━━ Data ━━

text \<open>Each step of A1 minimises \<open>g\<close> exactly in one block: \<open>W\<close> by the orthogonal Procrustes
  problem (von Neumann's trace inequality), \<open>B\<close> by entrywise hard thresholding, and \<open>x\<close> by a
  convex quadratic over a ball, whose quadratic growth makes \<open>g\<close> drop by at least
  \<open>\<parallel>P\<^sub>j (x\<^sup>t - x\<^sup>t\<^sup>-\<^sup>1)\<parallel>\<^sup>2\<close>. So \<open>g\<close> converges along the bounded iterates and consecutive patches
  merge. At a limit point, optimality in \<open>B\<close> and \<open>x\<close> survives because the graph of hard
  thresholding is closed, and optimality in \<open>W\<close> because the value of \<open>g\<close> after a W-update is
  squeezed between consecutive values of \<open>g\<close>; the \<open>\<ell>\<^sub>0\<close> term converges as thresholded entries are
  \<open>0\<close> or of modulus at least \<open>\<eta>\<close>. Block optimality, local optimality in \<open>(B, x)\<close> on the
  \<open>\<eta>/2\<close>-box (switching an entry on costs \<open>\<eta>\<^sup>2\<close>) and an \<open>O(r\<^sup>2)\<close> bound on how W-optimality degrades
  when \<open>(B, x)\<close> moves by \<open>r\<close> give a quadratic minorant of \<open>g\<close> at the limit point, so \<open>0\<close> lies in
  its Frechet subdifferential. Since every limit point is good and the iterates are bounded,
  their distance to the good points tends to \<open>0\<close>.\<close>

section \<open>Unitary matrices and the Procrustes problem\<close>

abbreviation unitary :: "complex^'n^'n \<Rightarrow> bool" where
  "unitary U \<equiv> adj U ** U = mat 1"
definition book_extremal_even :: "nat \<Rightarrow> nat set set" where
  "book_extremal_even m = all_edges {..<2 * m} - interval_matching 0 m"

lemma book_even_matchings:
  assumes "2 \<le> m"
  shows "{2..<2 + 2 * (m - 1)} \<subseteq> {..<2 * m}" "{0..<0 + 2 * m} \<subseteq> {..<2 * m}"
    "book_critical_even m \<subseteq> all_edges {..<2 * m}" "book_extremal_even m \<subseteq> all_edges {..<2 * m}"
  using assms unfolding book_critical_even_def book_extremal_even_def by auto

lemma universal_vertices_book_even:
  assumes "2 \<le> m"
  shows "universal_vertices {..<2 * m} (book_critical_even m) = {0, 1}"
    "universal_vertices {..<2 * m} (book_extremal_even m) = {}"
proof -
  note ranges = book_even_matchings(1,2)[OF assms]
  show "universal_vertices {..<2 * m} (book_critical_even m) = {0, 1}"
    "universal_vertices {..<2 * m} (book_extremal_even m) = {}"
    using assms
    unfolding book_critical_even_def book_extremal_even_def
      universal_vertices_all_edges_Diff[OF interval_matching_subset_all_edges[OF ranges(1)]]
      universal_vertices_all_edges_Diff[OF interval_matching_subset_all_edges[OF ranges(2)]]
      neighbours_interval_matching_eq_empty_iff[OF ranges(1)]
      neighbours_interval_matching_eq_empty_iff[OF ranges(2)]
    by auto
qed

lemma card_book_even:
  assumes "2 \<le> m"
  shows "card (book_extremal_even m) = m * (2 * m - 1) - m"
    "card (book_critical_even m) = card (book_extremal_even m) + 1"
proof -
  note M_G = interval_matching_subset_all_edges[OF book_even_matchings(1)[OF assms]]
  note M_W = interval_matching_subset_all_edges[OF book_even_matchings(2)[OF assms]]
  have card_V: "card (all_edges {..<2 * m}) = m * (2 * m - 1)"
    by (simp add: card_all_edges choose_two)
  show card_W: "card (book_extremal_even m) = m * (2 * m - 1) - m"
    unfolding book_extremal_even_def card_all_edges_Diff[OF finite_lessThan M_W]
    using card_V by (simp add: card_all_edges card_interval_matching)
  have "card (book_critical_even m) = m * (2 * m - 1) - (m - 1)"
    unfolding book_critical_even_def card_all_edges_Diff[OF finite_lessThan M_G]
    using card_V by (simp add: card_all_edges card_interval_matching)
  moreover have "m \<le> m * (2 * m - 1)" using assms by simp
  ultimately show "card (book_critical_even m) = card (book_extremal_even m) + 1"
    unfolding card_W using assms by linarith
qed

lemma unique_copy_book_even_order:
  assumes "2 \<le> m"
  shows "unique_copy_at_ex_plus_one (2 * m) ({..<2 * m}, split_graph 2 (2 * m))"
proof (rule unique_copy_at_ex_plus_oneI)
  let ?V = "{..<2 * m}" and ?H = "({..<2 * m}, split_graph 2 (2 * m))"
  fix E assume "E \<subseteq> all_edges ?V" "\<not> contains (?V, E) ?H"
  then have "2 * card E \<le> 2 * m * (2 * m - 2) + 1"
    using card_edges_le_if_book_free_spanning[of ?V E "2 * m"] assms by simp
  moreover have "2 * m * (2 * m - 2) = 2 * (m * (2 * m - 1) - m)"
    using assms by (cases m) (simp_all add: algebra_simps)
  ultimately show "card E \<le> card (book_extremal_even m)"
    unfolding card_book_even(1)[OF assms] by presburger
next
  show "\<not> contains ({..<2 * m}, book_extremal_even m) ({..<2 * m}, split_graph 2 (2 * m))"
    using assms contains_book_spanning_iff[OF finite_lessThan book_even_matchings(4)[OF assms]]
      universal_vertices_book_even(2)[OF assms] by simp
  show "card (copies ({..<2 * m}, book_critical_even m) ({..<2 * m}, split_graph 2 (2 * m))) = 1"
    using assms universal_vertices_book_even(1)[OF assms]
    by (intro card_copies_book_spanning_eq_1[OF finite_lessThan book_even_matchings(3)[OF assms]]) auto
qed (use assms book_even_matchings card_book_even in auto)

text \<open>The critical graph misses the path \<open>0 - 1 - 2\<close>, so its only book has spine \<open>{0, 2}\<close> with
  \<open>1\<close> as the single common non-neighbour; the extremal graph misses the whole triangle.\<close>

definition book_critical_odd :: "nat \<Rightarrow> nat set set" where
  "book_critical_odd m = all_edges {..<2 * m + 1} - ({{0, 1}, {1, 2}} \<union> interval_matching 3 (m - 1))"

definition book_extremal_odd :: "nat \<Rightarrow> nat set set" where
  "book_extremal_odd m = all_edges {..<2 * m + 1} - ({{0, 1}, {1, 2}, {0, 2}} \<union> interval_matching 3 (m - 1))"

lemma book_critical_odd_subset: "book_critical_odd m \<subseteq> all_edges {..<2 * m + 1}"
  unfolding book_critical_odd_def by blast

lemma book_extremal_odd_subset: "book_extremal_odd m \<subseteq> all_edges {..<2 * m + 1}"
  unfolding book_extremal_odd_def by blast

context
  fixes m :: nat
  assumes m: "2 \<le> m"
begin

lemma book_odd_matching_range: "{3..<3 + 2 * (m - 1)} \<subseteq> {..<2 * m + 1}"
  using m by auto

lemma book_odd_non_edges:
  "{{0, 1}, {1, 2}} \<union> interval_matching 3 (m - 1) \<subseteq> all_edges {..<2 * m + 1}"
  "{{0, 1}, {1, 2}, {0, 2}} \<union> interval_matching 3 (m - 1) \<subseteq> all_edges {..<2 * m + 1}"
  using m interval_matching_subset_all_edges[OF book_odd_matching_range] by auto

lemma non_neighbours_book_odd:
  assumes "v < 2 * m + 1"
  shows "non_neighbours {..<2 * m + 1} (book_critical_odd m) v =
      neighbours {..<2 * m + 1} {{0, 1}, {1, 2}} v \<union>
      neighbours {..<2 * m + 1} (interval_matching 3 (m - 1)) v"
    "non_neighbours {..<2 * m + 1} (book_extremal_odd m) v =
      neighbours {..<2 * m + 1} {{0, 1}, {1, 2}, {0, 2}} v \<union>
      neighbours {..<2 * m + 1} (interval_matching 3 (m - 1)) v"
  using non_neighbours_all_edges_Diff[OF book_odd_non_edges(1), of v]
    non_neighbours_all_edges_Diff[OF book_odd_non_edges(2), of v] assms
  unfolding book_critical_odd_def book_extremal_odd_def neighbours_Un[symmetric] by simp_all

lemma neighbours_book_odd_matching:
  assumes "v < 2 * m + 1"
  shows "neighbours {..<2 * m + 1} (interval_matching 3 (m - 1)) v = {} \<longleftrightarrow> v < 3"
    "neighbours {..<2 * m + 1} (interval_matching 3 (m - 1)) v \<subseteq> {3..}"
proof -
  have "3 \<le> (if even (v - 3) then v + 1 else v - 1)" if "3 \<le> v"
    using that by (cases "v = 3") auto
  then show "neighbours {..<2 * m + 1} (interval_matching 3 (m - 1)) v = {} \<longleftrightarrow> v < 3"
    "neighbours {..<2 * m + 1} (interval_matching 3 (m - 1)) v \<subseteq> {3..}"
    using assms m unfolding neighbours_interval_matching[OF book_odd_matching_range] by auto
qed

lemma non_neighbours_book_odd_small:
  "non_neighbours {..<2 * m + 1} (book_critical_odd m) 0 = {1}"
  "non_neighbours {..<2 * m + 1} (book_critical_odd m) 1 = {0, 2}"
  "non_neighbours {..<2 * m + 1} (book_critical_odd m) 2 = {1}"
  "v < 3 \<Longrightarrow> non_neighbours {..<2 * m + 1} (book_extremal_odd m) v = {0, 1, 2} - {v}"
proof -
  have V: "0 < 2 * m + 1" "1 < 2 * m + 1" "2 < 2 * m + 1" using m by auto
  have M: "neighbours {..<2 * m + 1} (interval_matching 3 (m - 1)) v = {}" if "v < 3" for v
    using that m neighbours_book_odd_matching(1)[of v] by simp
  show "non_neighbours {..<2 * m + 1} (book_critical_odd m) 0 = {1}"
    unfolding non_neighbours_book_odd(1)[OF V(1)]
    using V M[of 0] by (auto simp: neighbours_def doubleton_eq_iff)
  show "non_neighbours {..<2 * m + 1} (book_critical_odd m) 1 = {0, 2}"
    unfolding non_neighbours_book_odd(1)[OF V(2)]
    using V M[of 1] by (auto simp: neighbours_def doubleton_eq_iff)
  show "non_neighbours {..<2 * m + 1} (book_critical_odd m) 2 = {1}"
    unfolding non_neighbours_book_odd(1)[OF V(3)]
    using V M[of 2] by (auto simp: neighbours_def doubleton_eq_iff)
  show "non_neighbours {..<2 * m + 1} (book_extremal_odd m) v = {0, 1, 2} - {v}" if "v < 3"
  proof -
    have "v < 2 * m + 1" using that V by linarith
    then show ?thesis
      unfolding non_neighbours_book_odd(2)[OF \<open>v < 2 * m + 1\<close>]
    using that V M[OF that] by (auto simp: neighbours_def doubleton_eq_iff)
  qed
qed
text \<open>A rooted tree with arcs directed away from the root, together with a
  labelling of its leaves. Labels of non-leaf vertices are irrelevant.\<close>
record 'a ltree =
  verts :: "'a set"
  arcs  :: "('a \<times> 'a) set"
  root  :: 'a
  label :: "'a \<Rightarrow> nat"

definition children :: "'a ltree \<Rightarrow> 'a \<Rightarrow> 'a set" where
  "children T u = {v. (u, v) \<in> arcs T}"

definition leaves :: "'a ltree \<Rightarrow> 'a set" where
  "leaves T = {v \<in> verts T. children T v = {}}"

definition internal :: "'a ltree \<Rightarrow> 'a set" where
  "internal T = verts T - leaves T"

definition phylo_tree :: "nat \<Rightarrow> 'a ltree \<Rightarrow> bool" where
  "phylo_tree n T \<longleftrightarrow>
     finite (verts T) \<and>
     arcs T \<subseteq> verts T \<times> verts T \<and>
     root T \<in> verts T \<and>
     (\<forall>v. (v, root T) \<notin> arcs T) \<and>
     (\<forall>v \<in> verts T - {root T}. \<exists>!u. (u, v) \<in> arcs T) \<and>
     (\<forall>v \<in> verts T. (root T, v) \<in> (arcs T)\<^sup>*) \<and>
     (\<forall>u \<in> verts T. card (children T u) \<noteq> 1) \<and>
     bij_betw (label T) (leaves T) {1..n}"

definition tree_iso :: "'a ltree \<Rightarrow> 'b ltree \<Rightarrow> bool" where
  "tree_iso T1 T2 \<longleftrightarrow>
     (\<exists>f. bij_betw f (verts T1) (verts T2) \<and>
          f (root T1) = root T2 \<and>
          (\<forall>u \<in> verts T1. \<forall>v \<in> verts T1. (u, v) \<in> arcs T1 \<longleftrightarrow> (f u, f v) \<in> arcs T2) \<and>
          (\<forall>v \<in> leaves T1. label T2 (f v) = label T1 v))"

definition height :: "'a ltree \<Rightarrow> 'a \<Rightarrow> nat" where
  "height T v = Max {k. \<exists>w \<in> leaves T. (v, w) \<in> (arcs T) ^^ k}"

definition is_bottom_up :: "'a ltree \<Rightarrow> ('a \<Rightarrow> nat) \<Rightarrow> bool" where
  "is_bottom_up T l \<longleftrightarrow>
     inj_on l (verts T) \<and>
     l ` verts T \<subseteq> {1..card (verts T)} \<and>
     (\<forall>v \<in> leaves T. l v = label T v) \<and>
     (\<forall>u \<in> verts T. \<forall>v \<in> verts T. height T u < height T v \<longrightarrow> l u < l v) \<and>
     (\<forall>u \<in> verts T. \<forall>v \<in> verts T.
        0 < height T u \<and> height T u = height T v \<and>
        Min (l ` children T u) < Min (l ` children T v) \<longrightarrow> l u < l v)"

text \<open>The bottom-up ordering (the unique such map on the vertex set; made
  canonical outside the vertex set via extensional).\<close>
definition bottom_up :: "'a ltree \<Rightarrow> 'a \<Rightarrow> nat" where
  "bottom_up T = (THE l. is_bottom_up T l \<and> l \<in> extensional (verts T))"

definition kappa :: "nat set \<Rightarrow> nat \<Rightarrow> nat" where
  "kappa S = cycle_of_list (sorted_list_of_set S)"

text \<open>Matching permutation: product over internal nodes u of kappa(l(children u)).\<close>
definition matching_perm :: "'a ltree \<Rightarrow> nat \<Rightarrow> nat" where
  "matching_perm T =
     (let l = bottom_up T in
      foldr (\<circ>)
        (map (\<lambda>k. kappa (l ` children T (inv_into (verts T) l k)))
             (sorted_list_of_set (l ` internal T)))
        id)"

end

theory Submission
  imports Defs "HOL-Combinatorics.Orbits" "HOL-Library.Product_Lexorder"
begin

text \<open>
  The bottom-up ordering l of a phylogenetic tree with n leaves and N vertices exists and is
  unique: at an internal vertex v, l v is the number of vertices of smaller height plus the
  rank of v within its level with respect to the least child label. Leaves receive the
  labels 1..n and internal vertices n+1..N, and the cycles of the matching permutation act
  on the pairwise disjoint sets l(children u), each of size at least two. So the nontrivial
  orbits of the matching permutation are exactly these sets of sibling labels.

  This unordered family of blocks already determines which block belongs to which label:
  proceeding upwards, the heights of the blocks below k are known, and l orders internal
  vertices by the key (height, least child label), so the block of label k is forced.
  Two trees with the same matching permutation therefore have the same labelled child sets,
  and identifying vertices with equal labels is an isomorphism.
\<close>

section \<open>Products of cycles with disjoint supports\<close>

lemma kappa_permutes: "finite S \<Longrightarrow> kappa S permutes S"
  unfolding kappa_def using cycle_permutes[of "sorted_list_of_set S"] by simp

lemma cyclic_on_kappa:
  assumes "finite S" and "S \<noteq> {}"
  shows "cyclic_on (kappa S) S"
proof -
  define cs where "cs = sorted_list_of_set S"
  have cs: "distinct cs" "set cs = S" using assms(1) by (simp_all add: cs_def)
  obtain x where x: "x \<in> S" using assms(2) by blast
  then obtain i where i: "i < length cs" "cs ! i = x" using cs(2) by (metis in_set_conv_nth)
  have "S \<subseteq> orbit (kappa S) x"
  proof
    fix y assume "y \<in> S"
    then obtain k where k: "k < length cs" "cs ! k = y" using cs(2) by (metis in_set_conv_nth)
    define j where "j = k + length cs - i"
    have "(kappa S ^^ j) x = rotate j cs ! i"
      using cyclic_rotation[OF cs(1), of j] i by (metis cs_def kappa_def nth_map)
    also have "\<dots> = y" using i k by (simp add: nth_rotate j_def)
    finally show "y \<in> orbit (kappa S) x"
      using i unfolding orbit_altdef j_def by force
  qed
  moreover have "orbit (kappa S) x \<subseteq> S"
    using permutes_orbit_subset[OF kappa_permutes[OF assms(1)] x] .
  ultimately show ?thesis using x by (intro cyclic_on_singleI) auto
qed

definition cycle_product :: "(nat \<Rightarrow> nat set) \<Rightarrow> nat list \<Rightarrow> nat \<Rightarrow> nat" where
  "cycle_product C ks = foldr (\<circ>) (map (\<lambda>k. kappa (C k)) ks) id"

lemma cycle_product_Nil [simp]: "cycle_product C [] = id"
  by (simp add: cycle_product_def)

lemma cycle_product_Cons [simp]: "cycle_product C (k # ks) = kappa (C k) \<circ> cycle_product C ks"
  by (simp add: cycle_product_def)

lemma cycle_product_permutes:
  "(\<And>k. k \<in> set ks \<Longrightarrow> finite (C k)) \<Longrightarrow> cycle_product C ks permutes \<Union>(C ` set ks)"
proof (induction ks)
  case (Cons a ks)
  have "cycle_product C ks permutes \<Union>(C ` set (a # ks))"
    using Cons by (auto intro: permutes_subset)
  moreover have "kappa (C a) permutes \<Union>(C ` set (a # ks))"
    using Cons.prems by (auto intro: permutes_subset kappa_permutes)
  ultimately show ?case
    unfolding cycle_product_Cons by (rule permutes_compose)
qed (simp add: permutes_id)

lemma cycle_product_on_block:
  assumes "\<And>k. k \<in> set ks \<Longrightarrow> finite (C k)" and "distinct ks"
    and "disjoint_family_on C (set ks)" and "k \<in> set ks" and "x \<in> C k"
  shows "cycle_product C ks x = kappa (C k) x"
  using assms
proof (induction ks)
  case (Cons a ks)
  show ?case
  proof (cases "k = a")
    case True
    with Cons.prems have "x \<notin> \<Union>(C ` set ks)"
      by (auto simp: disjoint_family_on_def)
    then have "cycle_product C ks x = x"
      using cycle_product_permutes[of ks C] Cons.prems(1) by (simp add: permutes_not_in)
    then show ?thesis using True by simp
  next
    case False
    with Cons.prems have "cycle_product C ks x = kappa (C k) x"
      by (intro Cons.IH) (auto simp: disjoint_family_on_def)
    moreover have "kappa (C k) x \<notin> C a"
      using Cons.prems False permutes_in_image[OF kappa_permutes, of "C k" x]
      by (auto simp: disjoint_family_on_def)
    ultimately show ?thesis
      using kappa_permutes[of "C a"] Cons.prems(1) by (simp add: permutes_not_in)
  qed
qed simp

definition nontrivial_orbits :: "('a \<Rightarrow> 'a) \<Rightarrow> 'a set set" where
  "nontrivial_orbits p = {orbit p x | x. p x \<noteq> x}"
(* Consider a state-dependent discrete memoryless channel $W_{Y,Z|X,S}$ with finite alphabets, i.i.d. state distribution $Q_S$, innocent symbol $x_0$, and strictly causal channel state information available only at the transmitter (encoder $X_i=f_i(M,S^{i-1})$, decoder $Y^n\mapsto\hat M$). Let $\mathcal D$ be the set of joint pmfs $P_{S,X,Y,Z}=Q_SP_XW_{Y,Z|X,S}$ such that $P_Z=Q_0$ and $\mathbb I(X;Y)>\mathbb I(X;Z)$. Let $\mathcal S=\{R\ge0:\exists P\in\mathcal D\text{ with }R\le\mathbb I(X;Y)\}$. Then the covert capacity satisfies $C_{\mathrm{SC\text{-}T}}\ge\max\{x:x\in\mathcal S\}$.
   Context: Finite alphabets $\mathcal S,\mathcal X,\mathcal Y,\mathcal Z$. The channel has transition pmf $W_{Y,Z|X,S}$: input $X$, state $S$, output $Y$ at the legitimate receiver and output $Z$ at an adversary (warden). The state sequence $S^n$ is i.i.d. with pmf $Q_S$ and independent of the message; neither the legitimate receiver nor the warden knows the state. $x_0\in\mathcal X$ is a fixed innocent symbol, and $Q_0(z)=\sum_{s}Q_S(s)W_{Z|X,S}(z|x_0,s)$, assumed to have full support on $\mathcal Z$. A $(2^{nR},n)$ code consists of a message $M$ uniform on $\{1,\dots,2^{nR}\}$, an encoder and a decoder of the type specified. $P_{Z^n}$ denotes the distribution of the warden's output induced by the code. A rate $R$ is achievable if there is a sequence of $(2^{nR},n)$ codes with $\mathbb P(\hat M\ne M)\to 0$ and $\mathbb D(P_{Z^n}\|Q_0^{\otimes n})\to 0$ as $n\to\infty$; the covert capacity is the supremum of achievable rates. Mutual informations are computed under the indicated joint pmf. *)

theory Defs
  imports Complex_Main "HOL-Library.Extended_Real"
begin

text \<open>Finite alphabets are finite types 's, 'x, 'y, 'z.
  Channel: W x s y z = W_{Y,Z|X,S}(y,z|x,s).  Q = Q_S.
  Length-n sequences are lists of length n.\<close>

definition seqs :: "nat \<Rightarrow> 'a list set" where
  "seqs n = {xs. length xs = n}"

definition innocent_dist ::
  "('s::finite \<Rightarrow> real) \<Rightarrow> ('x \<Rightarrow> 's \<Rightarrow> 'y::finite \<Rightarrow> 'z \<Rightarrow> real) \<Rightarrow> 'x \<Rightarrow> 'z \<Rightarrow> real" where
  "innocent_dist Q W x0 z = (\<Sum>s\<in>UNIV. \<Sum>y\<in>UNIV. Q s * W x0 s y z)"

definition num_msgs :: "real \<Rightarrow> nat \<Rightarrow> nat" where
  "num_msgs R n = nat \<lceil>2 powr (real n * R)\<rceil>"

text \<open>Joint pmf of (M, S^n, Y^n, Z^n) induced by a code with strictly causal
  state information at the transmitter: X_i = enc i m (S_0 ... S_{i-1}) (0-indexed),
  message M uniform on {0..<N}.\<close>
definition code_joint ::
  "('s \<Rightarrow> real) \<Rightarrow> ('x \<Rightarrow> 's \<Rightarrow> 'y \<Rightarrow> 'z \<Rightarrow> real) \<Rightarrow> nat \<Rightarrow> nat
   \<Rightarrow> (nat \<Rightarrow> nat \<Rightarrow> 's list \<Rightarrow> 'x) \<Rightarrow> nat \<Rightarrow> 's list \<Rightarrow> 'y list \<Rightarrow> 'z list \<Rightarrow> real" where
  "code_joint Q W N n enc m ss ys zs =
     (1 / real N) * (\<Prod>i<n. Q (ss ! i) * W (enc i m (take i ss)) (ss ! i) (ys ! i) (zs ! i))"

━━━

# [Task statement]
Some of the data mentions "False". Copy every line where it does.

# [Output of the task]
    case False
      using Cons.prems False permutes_in_image[OF kappa_permutes, of "C k" x]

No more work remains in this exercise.